§ **Problem**: Starting at the top of the records, output every line through the one that contains "C = (\<lambda>a b c.", keeping each exactly as it appears.

── Data for this exercise ──

(* Let $m\ge1$, $\epsilon\in\{1,-1\}$, and let $M,M'\subset\mathbb{C}^2$ be (formal or real-analytic) hypersurfaces each given by an equation of the form $v=\frac12u^m\bigl(\epsilon|z|^2+\sum_{k,l\ge2}h_{kl}(u)z^k\bar z^l\bigr)$, $w=u+iv$ (with the same $m$ and $\epsilon$). Let $H(z,w)=(F(z,w),G(z,w))$ be a formal transformation with $H(0)=0$ and invertible Jacobian $H'(0)$ which maps $M$ into $M'$. Then there are $\lambda\in\mathbb{C}\setminus\{0\}$ and $\mu\in\mathbb{R}$ with $F_z(0,0)=\lambda$, $G_w(0,0)=\mu$, $\mu^{1-m}=|\lambda|^2$, and moreover $G=O(w)$ and $G_z=O(w^{m+1})$. In addition, $\frac{\partial^\ell G}{\partial w^\ell}(0,0)\in\mathbb{R}$ for all $\ell\le m$.
   Context: $O(w^k)$ means divisibility of the formal power series by $w^k$. *)

theory Defs
  imports Complex_Main
begin

text \<open>Formal power series in two variables (z,w): coefficient of z^i w^j is f i j.
  Formal power series in three variables (z, chi = conj z, u): coefficient of
  z^a chi^b u^c is A a b c.\<close>

type_synonym ser2 = "nat \<Rightarrow> nat \<Rightarrow> complex"
type_synonym ser3 = "nat \<Rightarrow> nat \<Rightarrow> nat \<Rightarrow> complex"

definition mul3 :: "ser3 \<Rightarrow> ser3 \<Rightarrow> ser3" where
  "mul3 A B = (\<lambda>a b c. \<Sum>i\<le>a. \<Sum>j\<le>b. \<Sum>k\<le>c. A i j k * B (a-i) (b-j) (c-k))"

definition one3 :: ser3 where
  "one3 = (\<lambda>a b c. if a = 0 \<and> b = 0 \<and> c = 0 then 1 else 0)"

definition zero3 :: ser3 where
  "zero3 = (\<lambda>a b c. 0)"

fun pow3 :: "ser3 \<Rightarrow> nat \<Rightarrow> ser3" where
  "pow3 A 0 = one3"
| "pow3 A (Suc n) = mul3 A (pow3 A n)"

text \<open>Substitution P(A,B,C) of three series without constant term into a
  three-variable series; only monomials of total degree \<le> a+b+c contribute to
  the coefficient at (a,b,c).\<close>
definition subst3 :: "ser3 \<Rightarrow> ser3 \<Rightarrow> ser3 \<Rightarrow> ser3 \<Rightarrow> ser3" where
  "subst3 P A B C = (\<lambda>a b c.
     \<Sum>i\<le>a+b+c. \<Sum>j\<le>a+b+c-i. \<Sum>k\<le>a+b+c-i-j.
       P i j k * mul3 (pow3 A i) (mul3 (pow3 B j) (pow3 C k)) a b c)"

definition varZ :: ser3 where "varZ = (\<lambda>a b c. if a = 1 \<and> b = 0 \<and> c = 0 then 1 else 0)"
definition varX :: ser3 where "varX = (\<lambda>a b c. if a = 0 \<and> b = 1 \<and> c = 0 then 1 else 0)"
definition varU :: ser3 where "varU = (\<lambda>a b c. if a = 0 \<and> b = 0 \<and> c = 1 then 1 else 0)"

definition lift2 :: "ser2 \<Rightarrow> ser3" where
  "lift2 f = (\<lambda>i j k. if k = 0 then f i j else 0)"

text \<open>Conjugating the coefficients : conj(f(z,w)) = (cnj2 f)(conj z, conj w).\<close>
definition cnj2 :: "ser2 \<Rightarrow> ser2" where
  "cnj2 f = (\<lambda>i j. cnj (f i j))"

text \<open>Defining function of the hypersurface
  v = 1/2 u^m (eps |z|^2 + sum_{k,l>=2} h_kl(u) z^k conj(z)^l),
  where h k l j is the coefficient of u^j in h_kl(u).\<close>
definition hyp_phi :: "nat \<Rightarrow> real \<Rightarrow> (nat \<Rightarrow> nat \<Rightarrow> nat \<Rightarrow> complex) \<Rightarrow> ser3" where
  "hyp_phi m eps h = (\<lambda>a b c.
      (if a = 1 \<and> b = 1 \<and> c = m then complex_of_real eps / 2 else 0)
    + (if 2 \<le> a \<and> 2 \<le> b \<and> m \<le> c then h a b (c - m) / 2 else 0))"

definition real_hyp_data :: "(nat \<Rightarrow> nat \<Rightarrow> nat \<Rightarrow> complex) \<Rightarrow> bool" where
  "real_hyp_data h \<longleftrightarrow> (\<forall>k l j. 2 \<le> k \<longrightarrow> 2 \<le> l \<longrightarrow> cnj (h k l j) = h l k j)"

text \<open>H = (F,G) maps M = {v = phi(z,conj z,u)} into M' = {v = phi'(z,conj z,u)}
  formally: after substituting the parametrization w = u + i phi(z,chi,u) of M
  (and conj w = u - i phi), the identity Im G = phi'(F, conj F, Re G) holds as
  an identity of formal power series in (z, chi, u).\<close>
definition maps_into :: "ser3 \<Rightarrow> ser3 \<Rightarrow> ser2 \<Rightarrow> ser2 \<Rightarrow> bool" where
  "maps_into phi phi' F G \<longleftrightarrow>
    (let W  = (\<lambda>a b c. varU a b c + \<i> * phi a b c);
         Wb = (\<lambda>a b c. varU a b c - \<i> * phi a b c);
         Fz = subst3 (lift2 F) varZ W zero3;
         Fb = subst3 (lift2 (cnj2 F)) varX Wb zero3;
         Gz = subst3 (lift2 G) varZ W zero3;
         Gb = subst3 (lift2 (cnj2 G)) varX Wb zero3
     in \<forall>a b c. Gz a b c - Gb a b c
          = 2 * \<i> * subst3 phi' Fz Fb (\<lambda>a b c. (Gz a b c + Gb a b c) / 2) a b c)"

definition dz2 :: "ser2 \<Rightarrow> ser2" where
  "dz2 f = (\<lambda>i j. of_nat (Suc i) * f (Suc i) j)"
definition dw2 :: "ser2 \<Rightarrow> ser2" where
  "dw2 f = (\<lambda>i j. of_nat (Suc j) * f i (Suc j))"

definition O_w :: "nat \<Rightarrow> ser2 \<Rightarrow> bool" where
  "O_w k f \<longleftrightarrow> (\<forall>i j. j < k \<longrightarrow> f i j = 0)"

end

theory Submission
  imports Defs
begin

text \<open>On \<open>M\<close> we have \<open>w = u + i \<phi>(z, \<chi>, u)\<close> with \<open>\<chi> = conj z\<close>, where
  \<open>\<phi> \<equiv> \<epsilon>/2 z \<chi> u\<^sup>m\<close> modulo \<open>z\<^sup>2\<chi>, z\<chi>\<^sup>2\<close> and \<open>\<phi> = O(u)\<close>, while every monomial of \<open>\<phi>'\<close> contains \<open>\<chi> u\<^sup>m\<close>.
  At \<open>\<chi> = 0\<close> the mapping identity \<open>G - conj G = 2i \<phi>'(F, conj F, Re G)\<close> on \<open>M\<close> therefore
  reduces to \<open>G(z,u) = conj G(0,u) + O(u)\<close>. This gives \<open>G(z,0) = 0\<close>, hence \<open>Re G = O(u)\<close> on \<open>M\<close>,
  and then the same reduction holds modulo \<open>u\<^sup>m\<^sup>+\<^sup>1\<close>: so \<open>G = O(w)\<close>, \<open>G\<^sub>z = O(w\<^sup>m\<^sup>+\<^sup>1)\<close>, and the
  Taylor coefficients of \<open>G(0,w)\<close> up to order \<open>m\<close> are real. In the coefficients of \<open>z \<chi> u\<^sup>m\<close>
  only the linear terms \<open>\<lambda> z\<close>, \<open>conj \<lambda> \<chi>\<close>, \<open>\<mu> u\<close> of \<open>F\<close>, \<open>conj F\<close>, \<open>Re G\<close> on \<open>M\<close> contribute, giving
  \<open>\<epsilon> \<mu> = \<epsilon> |\<lambda>|\<^sup>2 \<mu>\<^sup>m\<close>; finally \<open>\<lambda>, \<mu> \<noteq> 0\<close> since \<open>H'(0)\<close> is invertible and \<open>G\<^sub>z(0) = 0\<close>.\<close>

section \<open>Coefficient calculus of series in \<open>z, \<chi>, u\<close>\<close>

lemma sum_atMost_single:
  assumes "kk \<le> c" "\<And>k. k \<le> c \<Longrightarrow> k \<noteq> kk \<Longrightarrow> f k = 0"
  shows "(\<Sum>k\<le>(c::nat). f k) = (f kk :: 'a::comm_monoid_add)"
  using assms by (subst sum.mono_neutral_right[of "{..c}" "{kk}"]) auto

lemma sum_atMost_delta2:
  "(\<Sum>i\<le>(a::nat). \<Sum>j\<le>(b::nat). if i = p \<and> j = q then X i j else (0::'a::comm_monoid_add))
   = (if p \<le> a \<and> q \<le> b then X p q else 0)"
proof -
  have "(\<Sum>j\<le>b. if i = p \<and> j = q then X i j else (0::'a))
     = (if i = p then (if q \<le> b then X i q else 0) else 0)" for i
    by (cases "i = p") auto
  then show ?thesis by simp
qed

lemma sum_atMost_delta3:
  "(\<Sum>i\<le>(a::nat). \<Sum>j\<le>(b::nat). \<Sum>k\<le>(c::nat).
      if i = p \<and> j = q \<and> k = r then X i j k else (0::'a::comm_monoid_add))
   = (if p \<le> a \<and> q \<le> b \<and> r \<le> c then X p q r else 0)"
proof -
  have "(\<Sum>k\<le>c. if i = p \<and> j = q \<and> k = r then X i j k else (0::'a))
     = (if i = p \<and> j = q then (if r \<le> c then X i j r else 0) else 0)" for i j
    by (cases "i = p \<and> j = q") auto
  then show ?thesis by (simp add: sum_atMost_delta2)
qed

lemma sum_simplex_delta2:
  "(\<Sum>i\<le>(N::nat). \<Sum>j\<le>N-i. if i = p \<and> j = q then X else (0::'a::comm_monoid_add))
   = (if p + q \<le> N then X else 0)"
proof -
  have "(\<Sum>j\<le>N-i. if i = p \<and> j = q then X else (0::'a))
     = (if i = p then (if q \<le> N - p then X else 0) else 0)" for i
    by (cases "i = p") auto
  then show ?thesis by auto
qed

lemma sum_simplex_delta3:
  "(\<Sum>i\<le>(N::nat). \<Sum>j\<le>N-i. \<Sum>k\<le>N-i-j.
      if i = p \<and> j = q \<and> k = r then X else (0::'a::comm_monoid_add))
   = (if p + q + r \<le> N then X else 0)"
proof -
  have "(\<Sum>k\<le>N-i-j. if i = p \<and> j = q \<and> k = r then X else (0::'a))
     = (if i = p \<and> j = q then (if r \<le> N - p - q then X else 0) else 0)" for i j
    by (cases "i = p \<and> j = q") auto
  then show ?thesis by (simp add: sum_simplex_delta2) arith
qed

definition mono3 :: "nat \<Rightarrow> nat \<Rightarrow> nat \<Rightarrow> ser3" where
  "mono3 p q r = (\<lambda>a b c. if a = p \<and> b = q \<and> c = r then 1 else 0)"

lemma one3_eq_mono3: "one3 = mono3 0 0 0"
  unfolding one3_def mono3_def by auto

lemma varZ_eq_mono3: "varZ = mono3 1 0 0"
  unfolding varZ_def mono3_def by auto

lemma mul3_mono3_left:
  "mul3 (mono3 p q r) B a b c = (if p \<le> a \<and> q \<le> b \<and> r \<le> c then B (a-p) (b-q) (c-r) else 0)"
proof -
  have "mul3 (mono3 p q r) B a b c =
      (\<Sum>i\<le>a. \<Sum>j\<le>b. \<Sum>k\<le>c. if i = p \<and> j = q \<and> k = r then B (a-i) (b-j) (c-k) else 0)"
    unfolding mul3_def mono3_def by (intro sum.cong refl) auto
  then show ?thesis by (simp only: sum_atMost_delta3)
qed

───

§ **Response to the task**:
(* Let $m\ge1$, $\epsilon\in\{1,-1\}$, and let $M,M'\subset\mathbb{C}^2$ be (formal or real-analytic) hypersurfaces each given by an equation of the form $v=\frac12u^m\bigl(\epsilon|z|^2+\sum_{k,l\ge2}h_{kl}(u)z^k\bar z^l\bigr)$, $w=u+iv$ (with the same $m$ and $\epsilon$). Let $H(z,w)=(F(z,w),G(z,w))$ be a formal transformation with $H(0)=0$ and invertible Jacobian $H'(0)$ which maps $M$ into $M'$. Then there are $\lambda\in\mathbb{C}\setminus\{0\}$ and $\mu\in\mathbb{R}$ with $F_z(0,0)=\lambda$, $G_w(0,0)=\mu$, $\mu^{1-m}=|\lambda|^2$, and moreover $G=O(w)$ and $G_z=O(w^{m+1})$. In addition, $\frac{\partial^\ell G}{\partial w^\ell}(0,0)\in\mathbb{R}$ for all $\ell\le m$.
   Context: $O(w^k)$ means divisibility of the formal power series by $w^k$. *)

theory Defs
  imports Complex_Main
begin

text \<open>Formal power series in two variables (z,w): coefficient of z^i w^j is f i j.
  Formal power series in three variables (z, chi = conj z, u): coefficient of
  z^a chi^b u^c is A a b c.\<close>

type_synonym ser2 = "nat \<Rightarrow> nat \<Rightarrow> complex"
type_synonym ser3 = "nat \<Rightarrow> nat \<Rightarrow> nat \<Rightarrow> complex"

definition mul3 :: "ser3 \<Rightarrow> ser3 \<Rightarrow> ser3" where
  "mul3 A B = (\<lambda>a b c. \<Sum>i\<le>a. \<Sum>j\<le>b. \<Sum>k\<le>c. A i j k * B (a-i) (b-j) (c-k))"

definition one3 :: ser3 where
  "one3 = (\<lambda>a b c. if a = 0 \<and> b = 0 \<and> c = 0 then 1 else 0)"

definition zero3 :: ser3 where
  "zero3 = (\<lambda>a b c. 0)"

fun pow3 :: "ser3 \<Rightarrow> nat \<Rightarrow> ser3" where
  "pow3 A 0 = one3"
| "pow3 A (Suc n) = mul3 A (pow3 A n)"

text \<open>Substitution P(A,B,C) of three series without constant term into a
  three-variable series; only monomials of total degree \<le> a+b+c contribute to
  the coefficient at (a,b,c).\<close>
definition subst3 :: "ser3 \<Rightarrow> ser3 \<Rightarrow> ser3 \<Rightarrow> ser3 \<Rightarrow> ser3" where
  "subst3 P A B C = (\<lambda>a b c.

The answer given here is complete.